It’s always disappointing to hear someone say, “Have a happy and safe 4th of July.” Our nation’s holiday should be loaded with booze and fireworks, and pushing it to the limit is key to having a good time.
Keeping safety in mind throughout the whole weekend is anything but fun. We all do enough of that shit everyday. The 4th of July should be a time to let loose and give ‘er good. The best way to do that is by not giving a fuck about safety. Seeing someone die from alcohol poisoning or lose a hand to fireworks always puts a little damper on the festivities, but putting safety above fun on our nation’s birthday is grounds for treason. The nature and safety conscious losers in Northern California couldn’t give a crap about any of that and have decided the Redwoods’ are all that really matter.
In an attempt to preserve the forests and the water supply, the nature loving dweebs out by Russian River decided to make fireworks illegal. Luckily, these gay little baby farts didn’t realize you don’t need fireworks to crank up the danger level while drinking. In fact, by making fireworks a big “No No” they’ve made it a whole lot easier to have a dangerously fun time while drinking and celebrating.

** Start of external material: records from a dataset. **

(* Let $a,b$ be distinct assertion variables. The implication $$(1\hookrightarrow\_)\wedge(a*b)\ \Rightarrow\ \big((1\hookrightarrow\_)*a\big)\vee\big((1\hookrightarrow\_)*b\big)$$ holds in the unary interpretation (for every $\eta$ and every $\rho:\mathsf{AVar}\to\mathsf{IRel}_1$, the meaning of the left side is contained in that of the right side), but fails in the binary interpretation: with $\rho(a)=\{([1],[])\}^\uparrow$ and $\rho(b)=\{([],[1])\}^\uparrow$, the pair $([1],[1])$ belongs to the binary meaning of the left side while both disjuncts on the right have empty binary meaning.
   Context: $\mathsf{Heap}$: finite partial functions $\mathsf{PosInt}\to\mathsf{Int}$; $[]$ the empty heap; $[m]$ the heap storing $0$ at location $m$ and nothing else; $g\sqsubseteq h$ means $h$ extends $g$; $h\cdot g$ union of disjoint heaps; componentwise on $\mathsf{Heap}^n$; $S^\uparrow$ is the upward closure of a set $S$ of tuples. $\mathsf{IRel}_n$: upward closed subsets of $\mathsf{Heap}^n$; $p*q=\{\mathbf f\cdot\mathbf g\mid\mathbf f\in p,\mathbf g\in q,\text{componentwise disjoint}\}$; $\Delta_n(X)=\{(h_1,\dots,h_n)\mid\exists f\in X.\ \forall k.\ f\sqsubseteq h_k\}$ for $X\subseteq\mathsf{Heap}$. Assertion semantics with $\eta$ (ordinary variables to integers) and $\rho:\mathsf{AVar}\to\mathsf{IRel}_n$: primitive assertions $P$ mean $\Delta_n$ of their standard set of heaps, variables $a$ mean $\rho(a)$, $\wedge,\vee,*$ mean $\cap,\cup,*$, $\exists$ means union over integer values. $1\hookrightarrow\_$ abbreviates $\exists y.\,1\hookrightarrow y$, whose standard set of heaps is $\{h\mid 1\in\operatorname{dom}(h)\}$. Binary: $n=2$; unary: $n=1$. *)

theory Defs
  imports Main
begin

typedef heap = "{h :: nat \<rightharpoonup> int. finite (dom h) \<and> 0 \<notin> dom h}"
  by (rule exI[of _ Map.empty]) simp

setup_lifting type_definition_heap

lift_definition hsub :: "heap \<Rightarrow> heap \<Rightarrow> bool" is "\<lambda>g h. g \<subseteq>\<^sub>m h" .

lift_definition hdisj :: "heap \<Rightarrow> heap \<Rightarrow> bool" is "\<lambda>g h. dom g \<inter> dom h = {}" .

lift_definition hunion :: "heap \<Rightarrow> heap \<Rightarrow> heap" is "\<lambda>g h. g ++ h" by auto

lift_definition hemp :: heap is "Map.empty" by simp

lift_definition hcell :: "nat \<Rightarrow> heap" is "\<lambda>m. if m = 0 then Map.empty else [m \<mapsto> 0]"
  by auto

lift_definition hlookup :: "heap \<Rightarrow> nat \<Rightarrow> int option" is "\<lambda>h m. h m" .

section \<open>Tuples of heaps (elements of Heap^n are lists of length n)\<close>

definition upclose :: "nat \<Rightarrow> heap list set \<Rightarrow> heap list set" where
  "upclose n S = {hs. length hs = n \<and> (\<exists>gs\<in>S. list_all2 hsub gs hs)}"

definition IRel :: "nat \<Rightarrow> heap list set \<Rightarrow> bool" where
  "IRel n p \<longleftrightarrow> (\<forall>hs\<in>p. length hs = n) \<and>
     (\<forall>gs hs. gs \<in> p \<longrightarrow> length hs = n \<longrightarrow> list_all2 hsub gs hs \<longrightarrow> hs \<in> p)"

definition sstar :: "heap list set \<Rightarrow> heap list set \<Rightarrow> heap list set" where
  "sstar p q = {map2 hunion fs gs | fs gs. fs \<in> p \<and> gs \<in> q \<and> list_all2 hdisj fs gs}"

definition Delta :: "nat \<Rightarrow> heap set \<Rightarrow> heap list set" where
  "Delta n X = {hs. length hs = n \<and> (\<exists>f\<in>X. \<forall>k<n. hsub f (hs ! k))}"

type_synonym var = string

datatype expr = Num int | Var var

datatype 'av assn =
    PointsTo expr expr
  | AVar 'av
  | Conj "'av assn" "'av assn"
  | Disj "'av assn" "'av assn"
  | SStar "'av assn" "'av assn"
  | Ex var "'av assn"

fun eval :: "(var \<Rightarrow> int) \<Rightarrow> expr \<Rightarrow> int" where
  "eval \<eta> (Num k) = k"
| "eval \<eta> (Var x) = \<eta> x"

definition pts_std :: "int \<Rightarrow> int \<Rightarrow> heap set" where
  "pts_std l v = {h. l > 0 \<and> hlookup h (nat l) = Some v}"

fun sem :: "nat \<Rightarrow> (var \<Rightarrow> int) \<Rightarrow> ('av \<Rightarrow> heap list set) \<Rightarrow> 'av assn \<Rightarrow> heap list set" where
  "sem n \<eta> \<rho> (PointsTo e1 e2) = Delta n (pts_std (eval \<eta> e1) (eval \<eta> e2))"
| "sem n \<eta> \<rho> (AVar a) = \<rho> a"
| "sem n \<eta> \<rho> (Conj A B) = sem n \<eta> \<rho> A \<inter> sem n \<eta> \<rho> B"
| "sem n \<eta> \<rho> (Disj A B) = sem n \<eta> \<rho> A \<union> sem n \<eta> \<rho> B"
| "sem n \<eta> \<rho> (SStar A B) = sstar (sem n \<eta> \<rho> A) (sem n \<eta> \<rho> B)"
| "sem n \<eta> \<rho> (Ex x A) = (\<Union>v. sem n (\<eta>(x := v)) \<rho> A)"

text \<open>1 \<hookrightarrow> _  abbreviates  \<exists>y. 1 \<hookrightarrow> y\<close>
definition one_pts_any :: "'av assn" where
  "one_pts_any = Ex ''y'' (PointsTo (Num 1) (Var ''y''))"

end

theory Submission
  imports Defs
begin

text \<open>
  Unary case: a heap h = x \<cdot> y in a * b that owns location 1 must have location 1
  in x or in y.  The part owning it is itself a model of 1 \<hookrightarrow> _, so h lies in
  (1 \<hookrightarrow> _) * b or, using commutativity of *, in (1 \<hookrightarrow> _) * a.

  Binary case: the pair ([1],[1]) splits as ([1],[]) \<cdot> ([],[1]), which gives the
  left side.  On the right, every pair in the meaning of 1 \<hookrightarrow> _ owns location 1
  in both components, while every pair in \<rho>(a) (resp. \<rho>(b)) owns it in the first
  (resp. second) component; disjointness then makes both stars empty.
\<close>

lift_definition hpoint :: "nat \<Rightarrow> int \<Rightarrow> heap" is "\<lambda>m v. if m = 0 then Map.empty else [m \<mapsto> v]"
  by auto

lemma hsub_refl: "hsub h h"
  by transfer simp

lemma hsub_lookup: "hsub f h \<Longrightarrow> hlookup f m = Some v \<Longrightarrow> hlookup h m = Some v"
  by transfer (auto simp: map_le_def dom_def)

lemma hsub_hpoint_iff: "hsub (hpoint (Suc m) v) h \<longleftrightarrow> hlookup h (Suc m) = Some v"
  by transfer (auto simp: map_le_def)

lemma hlookup_hpoint: "hlookup (hpoint (Suc m) v) (Suc m) = Some v"
  by transfer simp

lemma hlookup_hcell: "hlookup (hcell (Suc m)) (Suc m) = Some 0"
  by transfer simp

lemma hdisj_lookup: "hdisj f g \<Longrightarrow> hlookup f m \<noteq> None \<Longrightarrow> hlookup g m = None"
  by transfer auto

lemma hlookup_hunion_None:
  "hlookup (hunion f g) m = None \<longleftrightarrow> hlookup f m = None \<and> hlookup g m = None"
  by transfer (auto simp: map_add_def split: option.splits)

lemma hdisj_sym: "hdisj f g \<Longrightarrow> hdisj g f"
  by transfer auto

lemma hunion_comm: "hdisj f g \<Longrightarrow> hunion f g = hunion g f"
  by transfer (metis map_add_comm)

lemma hunion_hemp_right: "hunion h hemp = h"
  by transfer simp

lemma hunion_hemp_left: "hunion hemp h = h"
  by transfer simp

lemma hdisj_hemp: "hdisj h hemp" "hdisj hemp h"
  by (transfer, simp)+

lemma sem_one_pts_any_iff:
  "hs \<in> sem n \<eta> \<rho> one_pts_any \<longleftrightarrow>
     length hs = n \<and> (\<exists>v. \<forall>k<n. hlookup (hs ! k) 1 = Some v)"
proof
  assume "hs \<in> sem n \<eta> \<rho> one_pts_any"
  then obtain f v where "length hs = n" "hlookup f 1 = Some v" "\<forall>k<n. hsub f (hs ! k)"
    by (auto simp: one_pts_any_def Delta_def pts_std_def)
  then show "length hs = n \<and> (\<exists>v. \<forall>k<n. hlookup (hs ! k) 1 = Some v)"
    using hsub_lookup by blast
next
  assume "length hs = n \<and> (\<exists>v. \<forall>k<n. hlookup (hs ! k) 1 = Some v)"
  then obtain v where "length hs = n" "\<forall>k<n. hsub (hpoint 1 v) (hs ! k)"
    using hsub_hpoint_iff[of 0] by auto
  then show "hs \<in> sem n \<eta> \<rho> one_pts_any"
    using hlookup_hpoint[of 0 v]
    by (auto simp: one_pts_any_def Delta_def pts_std_def)
qed

lemma sstar_intro:
  "fs \<in> p \<Longrightarrow> gs \<in> q \<Longrightarrow> list_all2 hdisj fs gs \<Longrightarrow> map2 hunion fs gs \<in> sstar p q"
  unfolding sstar_def by blast

lemma map2_hunion_comm:
  "list_all2 hdisj fs gs \<Longrightarrow> map2 hunion fs gs = map2 hunion gs fs"
  by (induction rule: list_all2_induct) (auto dest: hunion_comm)

lemma sstar_comm: "sstar p q = sstar q p"
proof -
  have "sstar p q \<subseteq> sstar q p" for p q
  proof
    fix hs assume "hs \<in> sstar p q"
    then obtain fs gs where "fs \<in> p" "gs \<in> q" "list_all2 hdisj fs gs"
      and "hs = map2 hunion fs gs" by (auto simp: sstar_def)
    moreover have "list_all2 hdisj gs fs"
      using \<open>list_all2 hdisj fs gs\<close> by (simp add: list_all2_conv_all_nth hdisj_sym)
    ultimately show "hs \<in> sstar q p"
      using sstar_intro map2_hunion_comm by metis
  qed
  then show ?thesis by blast
qed

text \<open>
  If, at component k, every tuple of p and every tuple of q owns location m,
  then p * q is empty: the two parts of a split could not be disjoint.
\<close>
lemma sstar_empty_if_shared_location:
  assumes p: "\<And>fs. fs \<in> p \<Longrightarrow> k < length fs \<and> hlookup (fs ! k) m \<noteq> None"
    and q: "\<And>gs. gs \<in> q \<Longrightarrow> hlookup (gs ! k) m \<noteq> None"
  shows "sstar p q = {}"
proof (rule ccontr)
  assume "sstar p q \<noteq> {}"
  then obtain fs gs where "fs \<in> p" "gs \<in> q" "list_all2 hdisj fs gs"
    by (auto simp: sstar_def)
  then have "hdisj (fs ! k) (gs ! k)"
    using p by (auto simp: list_all2_conv_all_nth)
  then show False
    using p q \<open>fs \<in> p\<close> \<open>gs \<in> q\<close> hdisj_lookup by blast
qed

lemma IRel_length: "IRel n p \<Longrightarrow> hs \<in> p \<Longrightarrow> length hs = n"
  by (simp add: IRel_def)

lemma length_Suc_0_conv_singleton: "length xs = Suc 0 \<longleftrightarrow> (\<exists>x. xs = [x])"
  by (cases xs) auto

lemma unary_points_to_distributes:
  assumes p: "IRel 1 p" and q: "IRel 1 q"
    and one: "hs \<in> sem 1 \<eta> \<rho> one_pts_any" and star: "hs \<in> sstar p q"
  shows "hs \<in> sstar (sem 1 \<eta> \<rho> one_pts_any) p \<union> sstar (sem 1 \<eta> \<rho> one_pts_any) q"
proof -
  obtain fs gs where fs: "fs \<in> p" and gs: "gs \<in> q" and disj: "list_all2 hdisj fs gs"
    and hs: "hs = map2 hunion fs gs"
    using star by (auto simp: sstar_def)
  have "length fs = 1" "length gs = 1"
    using IRel_length fs gs p q by blast+
  then obtain x y where "fs = [x]" "gs = [y]"
    by (auto simp: length_Suc_0_conv_singleton)
  with fs gs disj hs have x: "[x] \<in> p" and y: "[y] \<in> q" and "hdisj x y"
    and hs_xy: "hs = [hunion x y]" by auto
  have "hlookup (hunion x y) 1 \<noteq> None"
    using one hs_xy by (auto simp: sem_one_pts_any_iff)
  then consider "hlookup x 1 \<noteq> None" | "hlookup y 1 \<noteq> None"
    by (metis hlookup_hunion_None)
  then show ?thesis
  proof cases
    case 1
    then have "[x] \<in> sem 1 \<eta> \<rho> one_pts_any" by (auto simp: sem_one_pts_any_iff)
    then have "map2 hunion [x] [y] \<in> sstar (sem 1 \<eta> \<rho> one_pts_any) q"
      using y \<open>hdisj x y\<close> by (intro sstar_intro) simp_all
    then have "hs \<in> sstar (sem 1 \<eta> \<rho> one_pts_any) q"
      using hs_xy by simp
    then show ?thesis by blast
  next
    case 2
    then have "[y] \<in> sem 1 \<eta> \<rho> one_pts_any" by (auto simp: sem_one_pts_any_iff)
    then have "map2 hunion [x] [y] \<in> sstar p (sem 1 \<eta> \<rho> one_pts_any)"
      using x \<open>hdisj x y\<close> by (intro sstar_intro) simp_all
    then have "hs \<in> sstar p (sem 1 \<eta> \<rho> one_pts_any)"
      using hs_xy by simp
    then show ?thesis by (simp add: sstar_comm)
  qed
qed

lemma upclose_refl:
  assumes "gs \<in> S" and "length gs = n"
  shows "gs \<in> upclose n S"
proof -
  have "list_all2 hsub gs gs"
    by (rule list_all2_refl) (rule hsub_refl)
  then show ?thesis
    using assms unfolding upclose_def by blast
qed

lemma upclose_lookup:
  assumes "gs \<in> upclose n S"
    and gen: "\<And>fs. fs \<in> S \<Longrightarrow> k < length fs \<and> hlookup (fs ! k) m = Some v"
  shows "hlookup (gs ! k) m = Some v"
proof -
  obtain fs where "fs \<in> S" and "list_all2 hsub fs gs"
    using assms(1) unfolding upclose_def by blast
  then have "hsub (fs ! k) (gs ! k)"
    using gen list_all2_nthD by blast
  then show ?thesis
    using gen \<open>fs \<in> S\<close> hsub_lookup by blast
qed

lemma binary_points_to_star_empty:
  assumes "k < 2" and q: "\<And>gs. gs \<in> q \<Longrightarrow> hlookup (gs ! k) 1 \<noteq> None"
  shows "sstar (sem 2 \<eta> \<rho> one_pts_any) q = {}"
proof (rule sstar_empty_if_shared_location[where k = k and m = 1])
  fix fs assume "fs \<in> sem 2 \<eta> \<rho> one_pts_any"
  then show "k < length fs \<and> hlookup (fs ! k) 1 \<noteq> None"
    using \<open>k < 2\<close> unfolding sem_one_pts_any_iff by auto
qed (rule q)

text \<open>
  The main theorem.
\<close>
theorem mainTheorem16:
  fixes a b :: 'av
  assumes "a \<noteq> b"
  shows "(\<forall>\<eta> (\<rho> :: 'av \<Rightarrow> heap list set). (\<forall>c. IRel 1 (\<rho> c)) \<longrightarrow>
            sem 1 \<eta> \<rho> (Conj one_pts_any (SStar (AVar a) (AVar b)))
            \<subseteq> sem 1 \<eta> \<rho> (Disj (SStar one_pts_any (AVar a)) (SStar one_pts_any (AVar b))))
       \<and> (\<forall>\<eta> (\<rho> :: 'av \<Rightarrow> heap list set).
            \<rho> a = upclose 2 {[hcell 1, hemp]} \<longrightarrow> \<rho> b = upclose 2 {[hemp, hcell 1]} \<longrightarrow>
            [hcell 1, hcell 1] \<in> sem 2 \<eta> \<rho> (Conj one_pts_any (SStar (AVar a) (AVar b)))
            \<and> sem 2 \<eta> \<rho> (SStar one_pts_any (AVar a)) = {}
            \<and> sem 2 \<eta> \<rho> (SStar one_pts_any (AVar b)) = {})"
proof (intro conjI allI impI subsetI)
  fix \<eta> \<rho> hs
  assume "\<forall>c. IRel 1 (\<rho> c :: heap list set)"
    and "hs \<in> sem 1 \<eta> \<rho> (Conj one_pts_any (SStar (AVar a) (AVar b)))"
  then show "hs \<in> sem 1 \<eta> \<rho> (Disj (SStar one_pts_any (AVar a)) (SStar one_pts_any (AVar b)))"
    using unary_points_to_distributes[of "\<rho> a" "\<rho> b" hs \<eta> \<rho>] by auto
next
  fix \<eta> and \<rho> :: "'av \<Rightarrow> heap list set"
  assume a: "\<rho> a = upclose 2 {[hcell 1, hemp]}" and b: "\<rho> b = upclose 2 {[hemp, hcell 1]}"
  have "[hcell 1, hemp] \<in> \<rho> a" "[hemp, hcell 1] \<in> \<rho> b"
    using a b by (simp_all add: upclose_refl)
  then have "map2 hunion [hcell 1, hemp] [hemp, hcell 1] \<in> sstar (\<rho> a) (\<rho> b)"
    by (intro sstar_intro) (simp_all add: hdisj_hemp)
  moreover have "[hcell 1, hcell 1] \<in> sem 2 \<eta> \<rho> one_pts_any"
    using hlookup_hcell[of 0] by (auto simp: sem_one_pts_any_iff less_2_cases_iff)
  ultimately show "[hcell 1, hcell 1] \<in> sem 2 \<eta> \<rho> (Conj one_pts_any (SStar (AVar a) (AVar b)))"
    by (simp add: hunion_hemp_left hunion_hemp_right)
  have "hlookup (gs ! 0) 1 \<noteq> None" if "gs \<in> \<rho> a" for gs
    using upclose_lookup[of gs 2 "{[hcell 1, hemp]}" 0 1 0] that a hlookup_hcell[of 0] by auto
  then show "sem 2 \<eta> \<rho> (SStar one_pts_any (AVar a)) = {}"
    using binary_points_to_star_empty[of 0 "\<rho> a"] by simp
  have "hlookup (gs ! 1) 1 \<noteq> None" if "gs \<in> \<rho> b" for gs
    using upclose_lookup[of gs 2 "{[hemp, hcell 1]}" 1 1 0] that b hlookup_hcell[of 0] by auto
  then show "sem 2 \<eta> \<rho> (SStar one_pts_any (AVar b)) = {}"
    using binary_points_to_star_empty[of 1 "\<rho> b"] by simp
qed

end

All it takes is some water, a re-sealable container, and some dry ice.
Just fill the container halfway with water, add some dry ice, close the lid nice and tight, and toss that baby behind you like a fuckin’ banana peel. Within a few seconds or minutes that sucker will blow up like a cheap firework and scare the shit out of your party guests. If you’re really lucky and the temperature is just right, that bad boy won’t blow up till everyone’s completely forgotten about it and maybe even wandered back over to it. Some dweebs learn the chemistry involved and try to figure out the timing, but what’s the point in that? The point is to have fun and having shit randomly blow up is a great way to do it. Especially when there’s booze involved.
Being a rebel and breaking the law is definitely the more American thing to do, but when you’re hammered and wanna keep the party rollin’ it’s best nobody calls the cops. If your party is decent enough and there’s random shit blowing up all over the place, you obviously run the risk of that happening anyways. As long as there aren’t any fireworks and you have a sober friend who’s “turned his life around” there to explain what the explosions were, you should be good though.